Places:

Longreach & Qantas

Sunday, 23 May 2021

▲ Longreach Train Station – my arrival point in the outback town after the 26 hour train trip from Brisbane

◄ Across the road from the train station is this marker for the Tropic of Capricon, a reminder that Longreach straddles the line where the ‘Temperate Zone’ to the south meets the ‘Torrid Zone’ – the tropics – to the north.

▲ The big attraction in Longreach is the Qantas Founders Museum because this is where Queensland and Northern Territory Aerial Services was born. Between 1926 and 1929 Qantas actually built seven DH50 aircraft in this hangar.
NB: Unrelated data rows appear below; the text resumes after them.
(* There exists $C=C(\dim G)$ such that the following holds. Let $\eta>0$, let $B\subseteq B_1^U$ be a ball of Lebesgue measure at least $\eta$, let $\rho>0$, $t\in\mathbb R$ and $v\in Ge_1$. Then $$\bigl|\{\mathbf s\in B:\|a_tu_{\mathbf s}v\|\le e^t\eta^2\rho^2\|v\|\}\bigr|\le C\rho\,|B|.$$
   Context: Fix $n\ge3$. $G=\mathrm{SO}^\circ(n,1)$ (identity component of determinant-one matrices preserving $Q_0(x)=2x_1x_{n+1}-\sum_{k=2}^nx_k^2$) acting linearly on $\mathbb R^{n+1}$ with Euclidean norm; $e_1$ is the first standard basis vector. $a_t=\mathrm{diag}(e^t,1,\dots,1,e^{-t})$; $u_{\mathbf s}=n(\mathbf s,0)$ with $n(\mathbf s,r)=\begin{pmatrix}1&(\mathbf s,r)&\frac12\|(\mathbf s,r)\|^2\\0&I_{n-1}&(\mathbf s,r)^T\\0&0&1\end{pmatrix}$. $B_1^U=\{\mathbf s\in\mathbb R^{n-2}:\|\mathbf s\|\le1\}$ with Lebesgue measure $|\cdot|$ normalized so $|B_1^U|=1$. *)

theory Defs
  imports "HOL-Analysis.Analysis" "HOL-Combinatorics.Permutations"
begin

text \<open>Vectors in R^(n+1) are functions nat => real; the coordinates
  x_1,...,x_(n+1) of the paper are the values at indices 0,...,n.
  (n+1)x(n+1) matrices are functions nat => nat => real whose entries
  vanish outside {0..n} x {0..n}; they carry the product topology
  (entrywise convergence).  Vectors s in R^(n-2) are elements of
  PiE {..<n-2} (\<lambda>_. UNIV) (coordinates s_1..s_(n-2) at indices 0..n-3),
  with Lebesgue measure the product measure of lborel.\<close>

definition mat_supp :: "nat \<Rightarrow> (nat \<Rightarrow> nat \<Rightarrow> real) \<Rightarrow> bool" where
  "mat_supp n g \<longleftrightarrow> (\<forall>i j. g i j \<noteq> 0 \<longrightarrow> i \<le> n \<and> j \<le> n)"

definition idm :: "nat \<Rightarrow> nat \<Rightarrow> nat \<Rightarrow> real" where
  "idm n = (\<lambda>i j. if i = j \<and> i \<le> n then 1 else 0)"

definition detm :: "nat \<Rightarrow> (nat \<Rightarrow> nat \<Rightarrow> real) \<Rightarrow> real" where
  "detm m A = (\<Sum>p | p permutes {..<m}. of_int (sign p) * (\<Prod>i<m. A i (p i)))"

definition mv :: "nat \<Rightarrow> (nat \<Rightarrow> nat \<Rightarrow> real) \<Rightarrow> (nat \<Rightarrow> real) \<Rightarrow> (nat \<Rightarrow> real)" where
  "mv n g x = (\<lambda>i. if i \<le> n then (\<Sum>j\<le>n. g i j * x j) else 0)"

definition vnorm :: "nat \<Rightarrow> (nat \<Rightarrow> real) \<Rightarrow> real" where
  "vnorm n x = sqrt (\<Sum>i\<le>n. (x i)\<^sup>2)"

definition Q0 :: "nat \<Rightarrow> (nat \<Rightarrow> real) \<Rightarrow> real" where
  "Q0 n x = 2 * x 0 * x n - (\<Sum>k\<in>{1..n-1}. (x k)\<^sup>2)"

definition SOQ :: "nat \<Rightarrow> (nat \<Rightarrow> nat \<Rightarrow> real) set" where
  "SOQ n = {g. mat_supp n g \<and> detm (n+1) g = 1 \<and> (\<forall>x. Q0 n (mv n g x) = Q0 n x)}"

definition Gn :: "nat \<Rightarrow> (nat \<Rightarrow> nat \<Rightarrow> real) set" where
  "Gn n = connected_component_set (SOQ n) (idm n)"

definition e1 :: "nat \<Rightarrow> real" where
  "e1 = (\<lambda>i. if i = 0 then 1 else 0)"

definition orbit_e1 :: "nat \<Rightarrow> (nat \<Rightarrow> real) set" where
  "orbit_e1 n = (\<lambda>g. mv n g e1) ` Gn n"

definition a_t :: "nat \<Rightarrow> real \<Rightarrow> nat \<Rightarrow> nat \<Rightarrow> real" where
  "a_t n t = (\<lambda>i j. if i = j \<and> i \<le> n then
                     (if i = 0 then exp t else if i = n then exp (- t) else 1) else 0)"

text \<open>n(w) for w in R^(n-1), w given by its entries w_1..w_(n-1) at indices 1..n-1.\<close>
definition n_mat :: "nat \<Rightarrow> (nat \<Rightarrow> real) \<Rightarrow> nat \<Rightarrow> nat \<Rightarrow> real" where
  "n_mat n w = (\<lambda>i j.
     if i = 0 \<and> j = 0 then 1
     else if i = 0 \<and> 1 \<le> j \<and> j \<le> n - 1 then w j
     else if i = 0 \<and> j = n then (\<Sum>k\<in>{1..n-1}. (w k)\<^sup>2) / 2
     else if 1 \<le> i \<and> i \<le> n - 1 \<and> j = i then 1
     else if 1 \<le> i \<and> i \<le> n - 1 \<and> j = n then w i
     else if i = n \<and> j = n then 1
     else 0)"

definition u_s :: "nat \<Rightarrow> (nat \<Rightarrow> real) \<Rightarrow> nat \<Rightarrow> nat \<Rightarrow> real" where
  "u_s n s = n_mat n (\<lambda>j. if 1 \<le> j \<and> j \<le> n - 2 then s (j - 1) else 0)"

definition mm :: "nat \<Rightarrow> (nat \<Rightarrow> nat \<Rightarrow> real) \<Rightarrow> (nat \<Rightarrow> nat \<Rightarrow> real) \<Rightarrow> nat \<Rightarrow> nat \<Rightarrow> real" where
  "mm n A B = (\<lambda>i j. if i \<le> n \<and> j \<le> n then (\<Sum>k\<le>n. A i k * B k j) else 0)"

definition lebU :: "nat \<Rightarrow> (nat \<Rightarrow> real) measure" where
  "lebU n = PiM {..<n-2} (\<lambda>_. lborel)"

definition ballU :: "nat \<Rightarrow> (nat \<Rightarrow> real) \<Rightarrow> real \<Rightarrow> (nat \<Rightarrow> real) set" where
  "ballU n c r = {s \<in> PiE {..<n-2} (\<lambda>_. UNIV). sqrt (\<Sum>i<n-2. (s i - c i)\<^sup>2) \<le> r}"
Qantas has never had a crash? The hangar displays some twisted wreckage from a Qantas DH86 which crashed out of Longreach in 1934 killing the crew of four. The aircraft was en route to Brisbane to be delivered to Qantas so although it was intended to be a Qantas aircraft the airline had not yet taken ownership.

▲ The museum displays assorted engines and exhibits from the Qantas history including this recent addition, a mock up of the bar and lounge area upstairs in a Qantas 747-200 of the 1970s, complete with a ship’s wheel and a portrait of Captain Cook.

▲ I particularly liked the Barbie doll collection of Qantas uniforms over the years, made by a retired Qantas flight attendant.

◄ An ex-Qantas DC3

The second part of the museum is the collection of retired Qantas aircraft including a 747-200 and a 707, no it’s not the John Travolta 707 which the actor actually flies. The DC3 was acquired by Qantas after WW II and later went on to a list of other airlines including a spell with Air Niugini in Papua New Guinea before ending its flying career with BPA – Bush Pilots Airways in Queensland. Back in 1982 I made a wonderful flight in a BPA DC3 from Mt Isa to Cairns – with multiple stops along the Gulf of Carpentaria en route. Perhaps it was this aircraft?

▲ My favourite of the collection, however, is the wonderful old triple-tailed Lockheed Super Constellation from the 1950s.

▲ The Qantas Museum isn’t the only Longreach attraction, there’s also the Australian Stockman’s Hall of Fame. It’s remarkably glossy, perhaps a bit hokey, but well done. There are recordings from assorted people connected with the exhibits and you can listen to their stories on headphones as you walk through the exhibits.

▲ Like Jimmy Sharman’s boxing troupe which travelled through outback towns offering five pounds to any local contender who could last three rounds with one of the troupe’s boxers.

▲ There’s even a plane to contend with the Qantas aircraft across the road. This Queen Air is part of the RFDS – Royal Flying Doctor Service – exhibit.